---------- RECORDS SHOWN

lemma inj_on_Cp_pairing:
  assumes "t1_space X" "zero_dimensional X"
  shows "inj_on (Cp_pairing X) (carrier (free_Abelian_group (topspace X)))"
proof (rule inj_onI)
  fix c d
  assume "c \<in> carrier (free_Abelian_group (topspace X))" "d \<in> carrier (free_Abelian_group (topspace X))"
    and eq: "Cp_pairing X c = Cp_pairing X d"
  then have keys: "Poly_Mapping.keys c \<subseteq> topspace X" "Poly_Mapping.keys d \<subseteq> topspace X"
    by (simp_all add: free_Abelian_group_def)
  show "c = d"
  proof (rule poly_mapping_eqI)
    fix x
    show "poly_mapping.lookup c x = poly_mapping.lookup d x"
    proof (cases "x \<in> topspace X")
      case True
      let ?K = "insert x (Poly_Mapping.keys c \<union> Poly_Mapping.keys d)"
      have K: "finite ?K" "?K \<subseteq> topspace X"
        using True keys by auto
      obtain e where e: "e \<in> Cp X" "\<And>y. y \<in> ?K \<Longrightarrow> e y = of_bool (y = x)"
        using Cp_separating_function[OF assms K] by blast
      have sub: "Poly_Mapping.keys c \<subseteq> ?K" "Poly_Mapping.keys d \<subseteq> ?K" "x \<in> ?K"
        by auto
      have "poly_mapping.lookup c x = Cp_pairing X c e"
        by (rule Cp_pairing_coefficient[OF K(1) sub(1,3) e, symmetric])
      also have "\<dots> = Cp_pairing X d e"
        by (simp add: eq)
      also have "\<dots> = poly_mapping.lookup d x"
        by (rule Cp_pairing_coefficient[OF K(1) sub(2,3) e])
      finally show ?thesis .
    next
      case False
      then have "x \<notin> Poly_Mapping.keys c" "x \<notin> Poly_Mapping.keys d"
        using keys by auto
      then show ?thesis
        by (simp add: in_keys_iff)
    qed
  qed
qed

lemma CHom_in_image_Cp_pairing:
  assumes "t1_space X" "zero_dimensional X" "\<phi> \<in> CHom_set X"
  shows "\<phi> \<in> Cp_pairing X ` carrier (free_Abelian_group (topspace X))"
proof -
  obtain F n where F: "finite F" "F \<subseteq> topspace X"
    and n: "\<And>f. f \<in> Cp X \<Longrightarrow> \<phi> f = (\<Sum>x\<in>F. n x * f x)"
    using CHom_eq_finite_sum[OF assms] by blast
  define c where "c = Abs_poly_mapping (\<lambda>x. if x \<in> F then n x else 0)"
  have "finite {x. (if x \<in> F then n x else 0) \<noteq> 0}"
    using F(1) by (rule finite_subset[rotated]) auto
  then have lookup_c: "poly_mapping.lookup c = (\<lambda>x. if x \<in> F then n x else 0)"
    by (simp add: c_def)
  have keys_c: "Poly_Mapping.keys c \<subseteq> F"
    by (auto simp: in_keys_iff lookup_c split: if_splits)
  have "Cp_pairing X c = \<phi>"
  proof (rule extensionalityI)
    show "Cp_pairing X c \<in> extensional (Cp X)"
      by (simp add: Cp_pairing_def)
    show "\<phi> \<in> extensional (Cp X)"
      using assms(3) by (simp add: CHom_set_def)
    fix f assume "f \<in> Cp X"
    then show "Cp_pairing X c f = \<phi> f"
      using sum_keys_superset[OF F(1) keys_c, of f] by (simp add: Cp_pairing_apply n lookup_c)
  qed
  moreover have "c \<in> carrier (free_Abelian_group (topspace X))"
    using keys_c F(2) by (simp add: free_Abelian_group_def)
  ultimately show ?thesis
    by blast
qed

lemma Cp_pairing_iso:
  assumes "t1_space X" "zero_dimensional X"
  shows "Cp_pairing X \<in> iso (free_Abelian_group (topspace X)) (CHom X)"
proof -
  have hom: "Cp_pairing X \<in> hom (free_Abelian_group (topspace X)) (CHom X)"
  proof (rule homI)
    fix c assume "c \<in> carrier (free_Abelian_group (topspace X))"
    then show "Cp_pairing X c \<in> carrier (CHom X)"
      by (simp add: free_Abelian_group_def CHom_def Cp_pairing_in_CHom)
  next
    fix c d
    show "Cp_pairing X (c \<otimes>\<^bsub>free_Abelian_group (topspace X)\<^esub> d) =
          Cp_pairing X c \<otimes>\<^bsub>CHom X\<^esub> Cp_pairing X d"
    proof (rule extensionalityI[where A = "Cp X"])
      fix f assume "f \<in> Cp X"
      then show "Cp_pairing X (c \<otimes>\<^bsub>free_Abelian_group (topspace X)\<^esub> d) f =
                 (Cp_pairing X c \<otimes>\<^bsub>CHom X\<^esub> Cp_pairing X d) f"
        by (simp add: free_Abelian_group_def CHom_def Cp_pairing_add)
    qed (simp_all add: Cp_pairing_def CHom_def)
  qed
  moreover have "Cp_pairing X ` carrier (free_Abelian_group (topspace X)) = carrier (CHom X)"
    using hom_carrier[OF hom] CHom_in_image_Cp_pairing[OF assms]
    by (auto simp: CHom_def)
  ultimately show ?thesis
    by (simp add: iso_def bij_betw_def inj_on_Cp_pairing[OF assms])
qed

theorem lemma5p2:
  fixes X :: "'a topology"
  assumes "tikhonov_space X" and "zero_dimensional X"
  shows "(\<forall>\<phi> \<in> carrier (CHom X). \<exists>F n. finite F \<and> F \<subseteq> topspace X \<and>
            (\<forall>f \<in> Cp X. \<phi> f = (\<Sum>x\<in>F. n x * f x)))
       \<and> (\<exists>\<Psi>. \<Psi> \<in> iso (CHom X) (free_Abelian_group (topspace X)) \<and>
            (\<forall>\<phi> \<in> carrier (CHom X). \<forall>f \<in> Cp X.
               \<phi> f = (\<Sum>x\<in>Poly_Mapping.keys (\<Psi> \<phi>). poly_mapping.lookup (\<Psi> \<phi>) x * f x)))"
proof -
  let ?A = "free_Abelian_group (topspace X)"
  have iso: "Cp_pairing X \<in> iso ?A (CHom X)"
    using assms by (simp add: tikhonov_space_def Cp_pairing_iso)
  define \<Psi> where "\<Psi> = inv_into (carrier ?A) (Cp_pairing X)"
  have \<Psi>_iso: "\<Psi> \<in> iso (CHom X) ?A"
    unfolding \<Psi>_def by (rule group.iso_set_sym[OF group_free_Abelian_group iso])
  have \<Psi>: "\<Psi> \<phi> \<in> carrier ?A" "Cp_pairing X (\<Psi> \<phi>) = \<phi>" if "\<phi> \<in> carrier (CHom X)" for \<phi>
  proof -
    have "\<phi> \<in> Cp_pairing X ` carrier ?A"
      using iso that by (simp add: iso_def bij_betw_def)
    then show "\<Psi> \<phi> \<in> carrier ?A" "Cp_pairing X (\<Psi> \<phi>) = \<phi>"
      unfolding \<Psi>_def by (rule inv_into_into, rule f_inv_into_f)
  qed
  have keys: "Poly_Mapping.keys (\<Psi> \<phi>) \<subseteq> topspace X" if "\<phi> \<in> carrier (CHom X)" for \<phi>
    using \<Psi>(1)[OF that] by (simp add: free_Abelian_group_def)
  have rep: "\<phi> f = (\<Sum>x\<in>Poly_Mapping.keys (\<Psi> \<phi>). poly_mapping.lookup (\<Psi> \<phi>) x * f x)"
    if "\<phi> \<in> carrier (CHom X)" "f \<in> Cp X" for \<phi> f
    using Cp_pairing_apply[OF that(2), of "\<Psi> \<phi>"] \<Psi>(2)[OF that(1)] by simp
  have "\<exists>F n. finite F \<and> F \<subseteq> topspace X \<and> (\<forall>f \<in> Cp X. \<phi> f = (\<Sum>x\<in>F. n x * f x))"
    if "\<phi> \<in> carrier (CHom X)" for \<phi>
    using keys[OF that] rep[OF that] finite_keys by blast
  then show ?thesis
    using \<Psi>_iso rep by blast
qed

--------------------

Return a copy of each line of the material that holds the word "else".

  define c where "c = Abs_poly_mapping (\<lambda>x. if x \<in> F then n x else 0)"
  have "finite {x. (if x \<in> F then n x else 0) \<noteq> 0}"
  then have lookup_c: "poly_mapping.lookup c = (\<lambda>x. if x \<in> F then n x else 0)"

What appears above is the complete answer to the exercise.